Primary Aim
To document and describe breast cancer management (surgery, neoadjuvant / adjuvant chemotherapy and radiotherapy) during the COVID-19 pandemic and compare this to current (pre-COVID-19) management practice.
Secondary aims
Short term:
- The proportion of patients on ‘bridging’ neoadjuvant endocrine therapy who progress or fail to respond and so require surgery for clinical reasons earlier than anticipated.
- The proportion of patients planned for breast conserving surgery, having completion mastectomy for oncological reasons due altered indications for radiotherapy.
- The rate of delayed reconstruction for patients who requested immediate reconstruction (and having simple mastectomies instead).
- Proportion of presumed DCIS found to have an invasive component at surgery (usually ~20%).

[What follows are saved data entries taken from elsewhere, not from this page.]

(* Let $v \in \mathbb{R}^n$ and let $G=(V,E)$ be a $p$-regular multigraph with $|V|=a$ and $|E|=b$. Then \[ \kappa_G(v^{\otimes p}) = \frac{n^{\underline{b}}}{(n+2b-2)(n+2b-4)\cdots(n+2)\,n}\,\|v\|^{2b}, \] where $n^{\underline{b}} = n!/(n-b)! = n(n-1)\cdots(n-b+1)$ is the falling factorial and the denominator is the falling double factorial $(n+2b-2)!!/(n-2)!! = \prod_{j=0}^{b-1}(n+2j)$.
   Context: For a symmetric $p$-ary tensor $T$ and an orthogonal (or general) matrix $Q$, $Q\cdot T$ denotes the change of basis $(Q\cdot T)_{j_1,\ldots,j_p}=\sum_{i_1,\ldots,i_p} T_{i_1,\ldots,i_p}\prod_{t=1}^p Q_{i_t,j_t}$. For a $p$-regular multigraph $G=(V,E)$ with $b$ edges, the distinct-index graph moment is $m^!_G(T)=\sum_{i\in[n]^E,\ i_1,\ldots,i_b \text{ distinct}} \prod_{v\in V} T_{i(\partial v)}$, where $i(\partial v)$ is the multiset of indices on the edges incident to $v$. The (finite) free cumulant of $T$ is $\kappa_G(T)=\mathbb{E}_Q[m^!_G(Q\cdot T)]$ with $Q$ Haar-random in $\mathcal{O}(n)$ ($\kappa_\emptyset=1$). $v^{\otimes p}$ is the rank-one tensor with entries $v_{i_1}\cdots v_{i_p}$. *)

theory Defs
  imports "HOL-Analysis.Analysis" "HOL-Probability.Probability"
begin

text \<open>Tensors of order p over R^n (index type 'n, n = CARD('n)) are functions from
 index lists (of length p) to reals.\<close>
type_synonym 'n tensor = "'n list \<Rightarrow> real"

definition change_basis :: "nat \<Rightarrow> real^'n^'n \<Rightarrow> ('n::finite) tensor \<Rightarrow> 'n tensor" where
  "change_basis p Q T = (\<lambda>js. \<Sum>is\<in>{is::'n list. length is = p}.
      T is * (\<Prod>t<p. Q $ (is ! t) $ (js ! t)))"

definition rank_one :: "real^'n \<Rightarrow> 'n tensor" where
  "rank_one v = (\<lambda>is. prod_list (map (\<lambda>i. v $ i) is))"

text \<open>Evaluating a symmetric tensor at a multiset of indices.\<close>
definition tensor_at :: "'n tensor \<Rightarrow> 'n multiset \<Rightarrow> real" where
  "tensor_at T M = T (SOME xs. mset xs = M)"

text \<open>A multigraph on vertices {0..<a} is a list E of edges (pairs of endpoints);
 edge e (e < length E) joins fst (E!e) and snd (E!e); loops allowed.\<close>
definition incid :: "(nat \<times> nat) list \<Rightarrow> nat \<Rightarrow> nat multiset" where
  "incid E v = (\<Sum>e<length E. (if fst (E!e) = v then {#e#} else {#}) +
                              (if snd (E!e) = v then {#e#} else {#}))"

definition p_regular_multigraph :: "nat \<Rightarrow> nat \<Rightarrow> (nat \<times> nat) list \<Rightarrow> bool" where
  "p_regular_multigraph p a E \<longleftrightarrow>
     (\<forall>e\<in>set E. fst e < a \<and> snd e < a) \<and> (\<forall>v<a. size (incid E v) = p)"

definition graph_moment_distinct :: "nat \<Rightarrow> (nat \<times> nat) list \<Rightarrow> ('n::finite) tensor \<Rightarrow> real" where
  "graph_moment_distinct a E T =
     (\<Sum>i\<in>{i \<in> {0..<length E} \<rightarrow>\<^sub>E (UNIV::'n set). inj_on i {0..<length E}}.
        \<Prod>v<a. tensor_at T (image_mset i (incid E v)))"

text \<open>Haar probability measure on O(n): a probability measure on n x n real matrices,
 concentrated on the orthogonal matrices and invariant under left multiplication by
 orthogonal matrices (unique by uniqueness of Haar measure on the compact group O(n)).\<close>
definition haar_orthogonal :: "(real^'n^'n) measure \<Rightarrow> bool" where
  "haar_orthogonal \<mu> \<longleftrightarrow> prob_space \<mu> \<and> sets \<mu> = sets borel \<and>
     (AE Q in \<mu>. orthogonal_matrix Q) \<and>
     (\<forall>U. orthogonal_matrix U \<longrightarrow> distr \<mu> borel (\<lambda>Q. U ** Q) = \<mu>)"

definition free_cumulant :: "(real^'n^'n) measure \<Rightarrow> nat \<Rightarrow> nat \<Rightarrow> (nat \<times> nat) list
     \<Rightarrow> ('n::finite) tensor \<Rightarrow> real" where
  "free_cumulant \<mu> p a E T = (\<integral>Q. graph_moment_distinct a E (change_basis p Q T) \<partial>\<mu>)"

end

(*
  For a rank-one tensor, Q . v^{(x) p} is the rank-one tensor of w = v Q, and p-regularity turns the
  distinct-index moment into b! e_b(w_1^2, ..., w_n^2), where e_b is the elementary symmetric function.
  Its Haar expectation m_b(v) is invariant under rotations of v, so m_b(v) = |v|^{2b} m_b(u) for any
  unit vector u.  Applying the Laplacian in v to both sides at v = u gives the recurrence
  (b+1)(n+2b) m_{b+1}(u) = (n-b) m_b(u): since the rows of Q are orthonormal, the Laplacian of
  e_{b+1}(w^2) is 2(n-b) e_b(w^2), while that of |v|^{2(b+1)} at a unit vector is 2(b+1)(n+2b).
  Second derivatives are taken as t^2-coefficients of polynomials along the lines u + t e_j; by
  Lagrange interpolation such a coefficient is a fixed linear combination of values, so it commutes
  with the expectation.
*)
theory Submission
  imports Defs "HOL-Computational_Algebra.Polynomial"
begin

section \<open>Elementary symmetric functions and injections\<close>

definition elem_sym :: "nat \<Rightarrow> ('a::finite \<Rightarrow> real) \<Rightarrow> real" where
  "elem_sym b f = (\<Sum>A | card A = b. \<Prod>i\<in>A. f i)"

definition injections :: "nat \<Rightarrow> (nat \<Rightarrow> 'a) set" where
  "injections b = {i \<in> {0..<b} \<rightarrow>\<^sub>E UNIV. inj_on i {0..<b}}"

lemma Collect_card_eq_0: "{A :: 'a::finite set. card A = 0} = {{}}"
  by auto

lemma elem_sym_0 [simp]: "elem_sym 0 f = 1"
  by (simp add: elem_sym_def Collect_card_eq_0)

lemma finite_injections: "finite (injections b :: (nat \<Rightarrow> 'a::finite) set)"
  unfolding injections_def by (rule finite_subset[of _ "{0..<b} \<rightarrow>\<^sub>E UNIV"]) (auto intro: finite_PiE)

lemma sum_card_compl_eq_sum_card_Suc:
  fixes F :: "'a::finite set \<Rightarrow> 'a \<Rightarrow> 'b::comm_monoid_add"
  shows "(\<Sum>B | card B = b. \<Sum>x\<in>-B. F B x) = (\<Sum>A | card A = Suc b. \<Sum>x\<in>A. F (A - {x}) x)"
proof -
  have "(\<Sum>B | card B = b. \<Sum>x\<in>-B. F B x) = (\<Sum>(B, x) \<in> Sigma {B. card B = b} uminus. F B x)"
    by (rule sum.Sigma) auto
  also have "\<dots> = (\<Sum>(A, x) \<in> Sigma {A. card A = Suc b} (\<lambda>A. A). F (A - {x}) x)"
    by (rule sum.reindex_bij_witness[where i = "\<lambda>(A, x). (A - {x}, x)"
          and j = "\<lambda>(B, x). (insert x B, x)"])
       (auto simp: card_insert_if)
  also have "\<dots> = (\<Sum>A | card A = Suc b. \<Sum>x\<in>A. F (A - {x}) x)"
    by (rule sum.Sigma[symmetric]) auto
  finally show ?thesis .
qed

lemma sum_injections_Suc:
  fixes g :: "(nat \<Rightarrow> 'a::finite) \<Rightarrow> 'b::comm_monoid_add"
  shows "(\<Sum>f\<in>injections (Suc b). g f) =
     (\<Sum>i\<in>injections b. \<Sum>x\<in>-(i ` {0..<b}). g (i(b := x)))"
proof -
  let ?S = "Sigma (injections b) (\<lambda>i. -(i ` {0..<b}))"
  have "(\<Sum>(i, x) \<in> ?S. g (i(b := x))) = (\<Sum>f\<in>injections (Suc b). g f)"
  proof (rule sum.reindex_bij_witness[where i = "\<lambda>f. (f(b := undefined), f b)"
        and j = "\<lambda>(i, x). i(b := x)"])
    fix ix :: "(nat \<Rightarrow> 'a) \<times> 'a" assume ix: "ix \<in> ?S"
    obtain i x where ix_eq: "ix = (i, x)" by (cases ix)
    with ix have i: "i \<in> {0..<b} \<rightarrow>\<^sub>E UNIV" "inj_on i {0..<b}" "x \<notin> i ` {0..<b}"
      by (auto simp: injections_def)
    then have "i b = undefined" by (auto simp: PiE_def extensional_def)
    then show "(\<lambda>f. (f(b := undefined), f b)) (case ix of (i, x) \<Rightarrow> i(b := x)) = ix"
      using ix_eq by auto
    show "(case ix of (i, x) \<Rightarrow> i(b := x)) \<in> injections (Suc b)"
      using i ix_eq unfolding injections_def
      by (auto simp: PiE_def extensional_def atLeast0_lessThan_Suc inj_on_def)
    show "g (case ix of (i, x) \<Rightarrow> i(b := x)) = (case ix of (i, x) \<Rightarrow> g (i(b := x)))"
      using ix_eq by simp
  next
    fix f :: "nat \<Rightarrow> 'a" assume "f \<in> injections (Suc b)"
    then have f: "f \<in> {0..<Suc b} \<rightarrow>\<^sub>E UNIV" "inj_on f {0..<Suc b}"
      by (auto simp: injections_def)
    show "(case (f(b := undefined), f b) of (i, x) \<Rightarrow> i(b := x)) = f" by simp
    have "f b \<notin> f ` {0..<b}"
      by (subst inj_on_image_mem_iff[OF f(2)]) auto
    moreover have "(f(b := undefined)) ` {0..<b} = f ` {0..<b}"
      by auto
    moreover have "f(b := undefined) \<in> {0..<b} \<rightarrow>\<^sub>E UNIV" "inj_on (f(b := undefined)) {0..<b}"
      using f by (auto simp: PiE_def extensional_def inj_on_def)
    ultimately show "(f(b := undefined), f b) \<in> ?S"
      by (auto simp: injections_def)
  qed
  then show ?thesis
    by (simp add: sum.Sigma finite_injections)
qed

lemma sum_injections_image:
  fixes H :: "'a::finite set \<Rightarrow> 'b::{comm_semiring_1, semiring_char_0}"
  shows "(\<Sum>i\<in>injections b. H (i ` {0..<b})) = fact b * (\<Sum>A | card A = b. H A)"
proof (induction b arbitrary: H)
  case 0
  then show ?case by (simp add: injections_def Collect_card_eq_0)
next
  case (Suc b)
  have "(\<Sum>i\<in>injections (Suc b). H (i ` {0..<Suc b})) =
      (\<Sum>i\<in>injections b. \<Sum>x\<in>-(i ` {0..<b}). H (insert x (i ` {0..<b})))"
    by (simp add: sum_injections_Suc atLeast0_lessThan_Suc fun_upd_image)
  also have "\<dots> = fact b * (\<Sum>B | card B = b. \<Sum>x\<in>-B. H (insert x B))"
    by (rule Suc.IH)
  also have "\<dots> = fact b * (\<Sum>A | card A = Suc b. \<Sum>x\<in>A. H (insert x (A - {x})))"
    by (simp add: sum_card_compl_eq_sum_card_Suc)
  also have "\<dots> = fact b * (\<Sum>A | card A = Suc b. of_nat (Suc b) * H A)"
    by (intro arg_cong[where f = "\<lambda>y. fact b * y"] sum.cong refl) (simp add: insert_absorb)
  also have "\<dots> = fact (Suc b) * (\<Sum>A | card A = Suc b. H A)"
    by (simp add: sum_distrib_left mult.assoc[symmetric] mult.commute[of "fact b"])
  finally show ?case .
qed

lemma sum_injections_prod:
  "(\<Sum>i\<in>injections b. \<Prod>e<b. f (i e)) = fact b * elem_sym b (f :: 'a::finite \<Rightarrow> real)"
proof -
  have "(\<Prod>e<b. f (i e)) = (\<Prod>x\<in>i ` {0..<b}. f x)" if "i \<in> injections b" for i
    using that by (simp add: injections_def prod.reindex lessThan_atLeast0)
  then show ?thesis
    by (simp add: sum_injections_image elem_sym_def)
qed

- The proportion of patients having COVID-altered adjuvant therapies (e.g. omission of radiotherapy or systemic chemotherapy/targeted therapies).
Long term:
To gather a national cohort of patients with COVID-altered treatment pathways that can be interrogated in the future for oncological outcomes, including but not limited to:
- Risk of increased loco-regional recurrence and/or poorer overall survival in patients having breast conserving surgery, and omitted radiotherapy.
- Risk of increased loco-regional recurrence and/or poorer overall survival in patients having omitted neoadjuvant / adjuvant chemotherapy +/- targeted anti-HER2 therapy.
- Risk of disease progression and/or poorer overall survival in premenopausal and postmenopausal patients on ‘bridging’ primary endocrine therapy having delayed surgery.